Advocate General says that employers must keep a record of hours worked by their staff

Advocate General says that employers must keep a record of hours worked by their staff

Threat of dismissal for refusal to work a rest break amounted to an unlawful detriment

In a case before the Court of Justice of the European Union (“CJEU”) Advocate General Pitruzzella has given the opinion that employers are obliged to set up a system for recording actual daily working time for their staff.  Although it is not a ruling of the CJEU itself, the CJEU often follows the Advocate General’s opinion.  If it does, this decision could have consequences for UK employers even in the post Brexit world, as the UK courts will still have regard to decisions of the CJEU even after we leave the EU. 


A Spanish trade union bought a group action against a subsidiary of Deutsche Bank seeking a declaration that the bank was under an obligation to put systems in place to record the actual number of hours worked each day by its employees.  The aim of the declaration being sought was to make it possible to check that the limits on working times laid down in Spanish legislation and in the collective agreements in place between the trade union and the bank were being complied with. The Spanish court referred certain questions to the CJEU including whether Spanish national law was in breach of EU law by not requiring employers to set up a system of recording actual working time. 

Advocate General’s opinion

Before a ruling is made by the CJEU itself one of the Court’s Advocates General is asked to give an opinion on the relevant points.  The Advocate General in this case, Advocate General Pitruzzella, gave the opinion that EU law did require employers to put systems in place to record the amount of time their staff actually spend working on the basis that, if this is not done, there can be no guarantee that any relevant limits on working time will actually be observed and it will make it more difficult for workers to enforce their rights.


The obligations of employers based in Great Britain are governed by the Working Time Regulations 1998 (“WTR”), which requires them to keep “adequate records” to show whether the weekly working time limits and night work limits are being complied with.  However the WTR does not require all hours of work to be recorded and, in particular there is no requirement to record the amount of daily or weekly rest that workers are taking.  Further, there is no requirement for employers to show that their workers are actually taking rest breaks but simply to ensure that they have the opportunity to take them.

However, if the CJEU agrees with the Advocate General’s opinion this will call into question whether the WTR comply with EU law in this respect.

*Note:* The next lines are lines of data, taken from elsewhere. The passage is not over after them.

lemma sarah_st_finite_image:
  assumes "finite \<S>"
  shows "finite ((\<lambda>om. sarah_st n g p \<eta> m sel x0 om j t) ` (UNIV \<rightarrow> \<S>))"
proof (induction n g p \<eta> m sel x0 "undefined :: nat \<times> nat \<Rightarrow> nat set" j t rule: sarah_st.induct)
  case (3 n g p \<eta> m sel x0 j)
  then show ?case by (simp only: sarah_st_restart) (metis finite_imageI image_image)
next
  case (4 n g p \<eta> m sel x0 j t)
  let ?st = "\<lambda>om. sarah_st n g p \<eta> m sel x0 om j t"
  have "(\<lambda>om. sarah_st n g p \<eta> m sel x0 om j (Suc t)) ` (UNIV \<rightarrow> \<S>)
      \<subseteq> (\<lambda>(w, S). sarah_step n g p \<eta> sel j t w S) ` (?st ` (UNIV \<rightarrow> \<S>) \<times> \<S>)"
    unfolding sarah_st_Suc by (rule image_subsetI, rule image_eqI[OF _ SigmaI]) auto
  then show ?case
    by (rule finite_subset) (intro finite_imageI finite_SigmaI "4" assms)
qed (auto simp: image_constant_conv)

(* Infinite samples act like the empty one (sums over infinite sets are 0), so every state ranges
   over a countable set; since nat set is uncountable, this is what makes the states measurable
   for the product sigma-algebra. *)
lemma sarah_st_measurable:
  fixes samp :: "nat set pmf"
  shows "countable (range (\<lambda>om. sarah_st n g p \<eta> m sel x0 om j t)) \<and>
    (\<lambda>om. sarah_st n g p \<eta> m sel x0 om j t) \<in> PiM UNIV (\<lambda>_. measure_pmf samp) \<rightarrow>\<^sub>M count_space UNIV"
proof (induction n g p \<eta> m sel x0 "undefined :: nat \<times> nat \<Rightarrow> nat set" j t rule: sarah_st.induct)
  case (3 n g p \<eta> m sel x0 j)
  let ?st = "\<lambda>om. sarah_st n g p \<eta> m sel x0 om (Suc j) m"
  have "range (\<lambda>om. sarah_restart n g (?st om)) = sarah_restart n g ` range ?st"
    by auto
  then show ?case
    using "3" by (simp only: sarah_st_restart) (auto intro: measurable_compose)
next
  case (4 n g p \<eta> m sel x0 j t)
  let ?st = "\<lambda>om. sarah_st n g p \<eta> m sel x0 om j t"
  let ?step = "\<lambda>w S. sarah_step n g p \<eta> sel j t w S"
  have IH: "countable (range ?st)" "?st \<in> PiM UNIV (\<lambda>_. measure_pmf samp) \<rightarrow>\<^sub>M count_space UNIV"
    using "4" by auto
  have "range (\<lambda>om. ?step (?st om) (om (j, Suc t))) \<subseteq> case_prod ?step ` (range ?st \<times> Collect finite)"
  proof (rule image_subsetI)
    fix om :: "nat \<times> nat \<Rightarrow> nat set"
    show "?step (?st om) (om (j, Suc t)) \<in> case_prod ?step ` (range ?st \<times> Collect finite)"
    proof (cases "finite (om (j, Suc t))")
      case True
      then show ?thesis by (intro image_eqI[where x = "(?st om, om (j, Suc t))"]) auto
    next
      case False
      then show ?thesis
        unfolding sarah_step_infinite_sample[OF False] by (intro image_eqI[where x = "(?st om, {})"]) auto
    qed
  qed
  then have "countable (range (\<lambda>om. ?step (?st om) (om (j, Suc t))))"
    by (rule countable_subset) (intro countable_image countable_SIGMA IH(1) countable_Collect_finite)
  moreover have "(\<lambda>om. ?step (?st om) (om (j, Suc t))) \<in> PiM UNIV (\<lambda>_. measure_pmf samp) \<rightarrow>\<^sub>M count_space UNIV"
  proof (rule measurable_compose_countable'[where f = "\<lambda>w om. ?step w (om (j, Suc t))" and g = ?st and I = "range ?st"])
    fix w
    show "(\<lambda>om. ?step w (om (j, Suc t))) \<in> PiM UNIV (\<lambda>_. measure_pmf samp) \<rightarrow>\<^sub>M count_space UNIV"
      by (rule measurable_compose[OF measurable_component_singleton]) auto
    show "?st \<in> PiM UNIV (\<lambda>_. measure_pmf samp) \<rightarrow>\<^sub>M count_space (range ?st)"
      by (rule measurable_count_space_extend[OF subset_UNIV _ IH(2)]) auto
  qed (rule IH(1))
  ultimately show ?case by (simp only: sarah_st_Suc)
qed (simp_all add: image_constant_conv)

It is unlikely that the CJEU will publish its decision on this case before Brexit. Although the UK courts may have regard to that decision, it will not be binding and so it is currently unclear how much of an impact this will have on employers in the UK. This being said, the Advocate General’s reasoning (that failure to collect details of hours actually worked will make it harder for rights to be enforced) is sensible and so if the CJEU follow that reasoning it could be highly persuasive. Further the government has pledged that workers’ rights will ‘keep step’ with those enjoyed by EU workers post-Brexit, which could continue to give decisions of the CJEU on employment issues considerable persuasive force.